Yixianornis was moderately sized compared to other yanornithiformes, at about the size of a chicken. IVPP V12631 was measured approximately 19 to 20 cm long (excluding feathers), 11.5 cm tall at the hips, with a wingspan of about 40 cm. Its body weight has been estimated to have been 200 to 350 g. Yixianornis was grossly similar to its close relatives Yanornis and Songlingornis. All three had teeth, though in Yixianornis the tips of the jaws were toothless and pockmarked with small pits and grooves, possibly indicating the presence of a beak. The teeth were small and peg-like, and lacked any serrations. The lower jaw was thin and delicate.

The breastbone bore a strong keel for the attachment of flight muscles, and contained a distinct opening or fenestra, a unique characteristic of yanornithiformes. The upper and lower arm were about the same length. Like other ornithurines, Yixianornis had a highly fused hand, with many wrist bones joined that are free in more primitive birds.

The hips and hind limbs preserved more primitive features than the forelimbs, supporting the idea that the modern adaptations in the locomotion seen in modern birds evolved after the many specializations needed for flight. The hallux, or reversed, perching toe of modern birds, is noticeably pointed backward in the fossil. However, there is no clear evidence that the bone itself was twisted, which would indicate that the toe was permanently reversed.

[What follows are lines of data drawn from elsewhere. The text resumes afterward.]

(* Let $(X,d)$ be a Cantor space and let $f\in\mathcal{H}(X)$ be equicontinuous. Then $f$ is topologically stable if and only if $f$ has the strict periodic shadowing property.
   Context: A Cantor space is a compact metric space without isolated points that is totally disconnected. $\mathcal{H}(X)$, $d_{C^0}$, $D$: set of homeomorphisms, $d_{C^0}(f,g)=\sup_x d(f(x),g(x))$, $D(f,g)=\max\{d_{C^0}(f,g),d_{C^0}(f^{-1},g^{-1})\}$. Equicontinuous: for every $\epsilon>0$ there is $\delta>0$ with $d(x,y)\le\delta\Rightarrow\sup_{i\in\mathbb{Z}}d(f^i(x),f^i(y))\le\epsilon$. Strict periodic shadowing property: for every $\epsilon>0$ there is $\delta>0$ such that for every $(x_i)_{i=0}^m$, $m\ge1$, with $d(f(x_i),x_{i+1})\le\delta$ and $x_0=x_m$, there is $p$ with $f^m(p)=p$ and $d(x_i,f^i(p))\le\epsilon$ for $0\le i\le m$. Topologically stable: for every $\epsilon>0$ there is $\delta>0$ such that every $g\in\mathcal{H}(X)$ with $D(f,g)<\delta$ admits a continuous $h:X\to X$ with $d_{C^0}(h,\mathrm{id}_X)<\epsilon$ and $h\circ g=f\circ h$. *)

theory Defs
  imports "HOL-Analysis.Analysis"
begin

text \<open>The whole type 'a plays the role of the metric space X.\<close>

definition cantor_space :: "'a::metric_space itself \<Rightarrow> bool" where
  "cantor_space _ \<longleftrightarrow> compact (UNIV :: 'a set)
     \<and> (\<forall>x::'a. x islimpt UNIV)
     \<and> (\<forall>S::'a set. connected S \<longrightarrow> (\<exists>a. S \<subseteq> {a}))"

definition is_homeo :: "('a::metric_space \<Rightarrow> 'a) \<Rightarrow> bool" where
  "is_homeo f \<longleftrightarrow> (\<exists>g. homeomorphism UNIV UNIV f g)"

definition dC0 :: "('a::metric_space \<Rightarrow> 'a) \<Rightarrow> ('a \<Rightarrow> 'a) \<Rightarrow> real" where
  "dC0 f g = (SUP x. dist (f x) (g x))"

definition Dhom :: "('a::metric_space \<Rightarrow> 'a) \<Rightarrow> ('a \<Rightarrow> 'a) \<Rightarrow> real" where
  "Dhom f g = max (dC0 f g) (dC0 (inv f) (inv g))"

definition zpow :: "('a \<Rightarrow> 'a) \<Rightarrow> int \<Rightarrow> 'a \<Rightarrow> 'a" where
  "zpow f i = (if 0 \<le> i then f ^^ nat i else inv f ^^ nat (- i))"

definition equicontinuous_homeo :: "('a::metric_space \<Rightarrow> 'a) \<Rightarrow> bool" where
  "equicontinuous_homeo f \<longleftrightarrow> (\<forall>e>0. \<exists>d>0. \<forall>x y. dist x y \<le> d \<longrightarrow>
      (SUP i::int. dist (zpow f i x) (zpow f i y)) \<le> e)"

definition strict_periodic_shadowing :: "('a::metric_space \<Rightarrow> 'a) \<Rightarrow> bool" where
  "strict_periodic_shadowing f \<longleftrightarrow> (\<forall>e>0. \<exists>d>0. \<forall>(xs::nat \<Rightarrow> 'a) m. m \<ge> 1 \<longrightarrow>
      (\<forall>i<m. dist (f (xs i)) (xs (Suc i)) \<le> d) \<longrightarrow> xs 0 = xs m \<longrightarrow>
      (\<exists>p. (f ^^ m) p = p \<and> (\<forall>i\<le>m. dist (xs i) ((f ^^ i) p) \<le> e)))"

definition topologically_stable :: "('a::metric_space \<Rightarrow> 'a) \<Rightarrow> bool" where
  "topologically_stable f \<longleftrightarrow> (\<forall>e>0. \<exists>d>0. \<forall>g. is_homeo g \<longrightarrow> Dhom f g < d \<longrightarrow>
      (\<exists>h. continuous_on UNIV h \<and> dC0 h id < e \<and> h \<circ> g = f \<circ> h))"

end

theory Submission
  imports Defs
begin

text \<open>Equicontinuity on a compact totally disconnected space gives, for every \<open>\<eta> > 0\<close>, an
  equivalence relation with open classes of diameter \<open>< \<eta>\<close> that is preserved by \<open>f\<close> and its
  inverse: two points are equivalent when their two-sided orbits never get separated by a finite
  clopen cover of small mesh. The finitely many classes are permuted by \<open>f\<close>, so the class of
  every point returns to itself after a least period.

  If \<open>f\<close> has strict periodic shadowing, the class orbit of each representative is shadowed by a
  periodic orbit of the same period. Sending every point to the matching point of that periodic
  orbit gives a locally constant \<open>h\<close> close to the identity with \<open>h \<circ> f = f \<circ> h\<close>; since a
  homeomorphism \<open>g\<close> close to \<open>f\<close> maps every point into the class of its \<open>f\<close>-image, also
  \<open>h \<circ> g = f \<circ> h\<close>.

  Conversely, a closed pseudo-orbit with small jumps stays in the classes of the true orbit of its
  initial point \<open>x\<close>, so its length is a multiple of the period of \<open>x\<close>. Following \<open>f\<close> by the
  inverse of \<open>f ^^ period x\<close> on the class of \<open>x\<close> gives a homeomorphism \<open>g\<close> near \<open>f\<close> for which
  \<open>x\<close> is periodic, and the semiconjugacy from topological stability carries this \<open>g\<close>-orbit to a
  shadowing periodic \<open>f\<close>-orbit.\<close>

lemma clopen_nbhd_in_ball:
  fixes x :: "'a::metric_space"
  assumes "compact (UNIV::'a set)" and "\<forall>S::'a set. connected S \<longrightarrow> (\<exists>a. S \<subseteq> {a})"
    and "r > 0"
  shows "\<exists>U. open U \<and> closed U \<and> x \<in> U \<and> U \<subseteq> ball x r"
proof -
  have "connected_component_of_set euclidean x = {x}"
  proof (intro set_eqI iffI)
    fix y assume "y \<in> connected_component_of_set euclidean x"
    then obtain T where "connected T" "x \<in> T" "y \<in> T"
      by (auto simp: connected_component_of_def connectedin_iff_connected)
    with assms(2)[rule_format, of T] show "y \<in> {x}" by blast
  qed (simp add: connected_component_of_refl)
  then have component: "{x} \<in> connected_components_of (euclidean::'a topology)"
    unfolding connected_components_of_def by auto
  have "locally_compact_space (euclidean::'a topology)"
    using assms(1) by (intro compact_imp_locally_compact_space) (simp add: compact_space_def)
  then obtain U V where "open U" "open V" "disjnt U V" "U \<union> V = UNIV" "x \<in> U" "U \<subseteq> ball x r"
    using wilder_locally_compact_component_thm[OF _ Hausdorff_space_euclidean component,
        of "ball x r"] assms(3) by auto
  moreover have "U = - V"
    using \<open>disjnt U V\<close> \<open>U \<union> V = UNIV\<close> by (auto simp: disjnt_def)
  ultimately show ?thesis
    by (auto simp: closed_def)
qed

Yixianornis differed from related birds only in small skeletal characteristics. For example, the teeth in the lower jaw of Yixianornis were confined to a smaller space, while they lined more of the jaw in related species. The wishbone (furcula) of Yixianornis was more narrow than in its relatives, and its shoulder blade was much shorter, only half the length of the upper arm bone (humerus).

The flight feathers of Yixianornis are well preserved in the only known specimen. There were about five primary feathers on each wing, the longest measuring about 6.7 cm. Unlike in many more basal species, the feathers did not become narrower or more pointed at the tip. Rather, the feathers were very broad and rounded. There were eight tail feathers, up to 9.2 cm long, anchored to a pygostyle and rectrical bulb (see below) as in modern birds.

==Biology and ecology==
The feathers of Yixianornis are unique among those preserved in other Mesozoic bird specimens, and have allowed scientists to infer its probable lifestyle. The wings were broad and rounded, with similarly large, rounded feathers. The tail feathers were arranged in a graduated series, with the outer feathers anchored closer to the base of the tail. This would have given the tail a slightly rounded silhouette. Additionally, carbonized tissue impressions show that it had a rectrical bulb, the muscles around the tail which allow the tail feathers to be fanned out during flight, and retraced when at rest.

These adaptations are rare among Mesozoic birds, many of which are known to have had long, pointed wings and very few, if any, long tail feathers. The rectrical bulb and plough-shaped pygostyle allowing for tail fanning is also a unique characteristic of ornithurine birds, of which Yixianornis is among the earliest known. In a 2006 study, Julia Clarke, Zhou Zhonghe and Zhang Fucheng found that the ability to fan the tail, along with the broad wings, show that it probably preferred environments with dense vegetation, where high maneuverability in flight would be necessary.

Comparisons between the scleral rings of Yixianornis and modern birds and reptiles indicate that it may have been diurnal, similar to most modern birds.

==Classification==
It was a close relative of Yanornis and together with this and Songlingornis forms a clade of early modern birds. Clarke et al. found that Yixianornis was the most primitive bird to display an essentially modern pygostyle and fan of tail feathers. Later, an enantiornithine called Shanweiniao was found to have a fan tail as well, though it may have evolved independently of modern birds.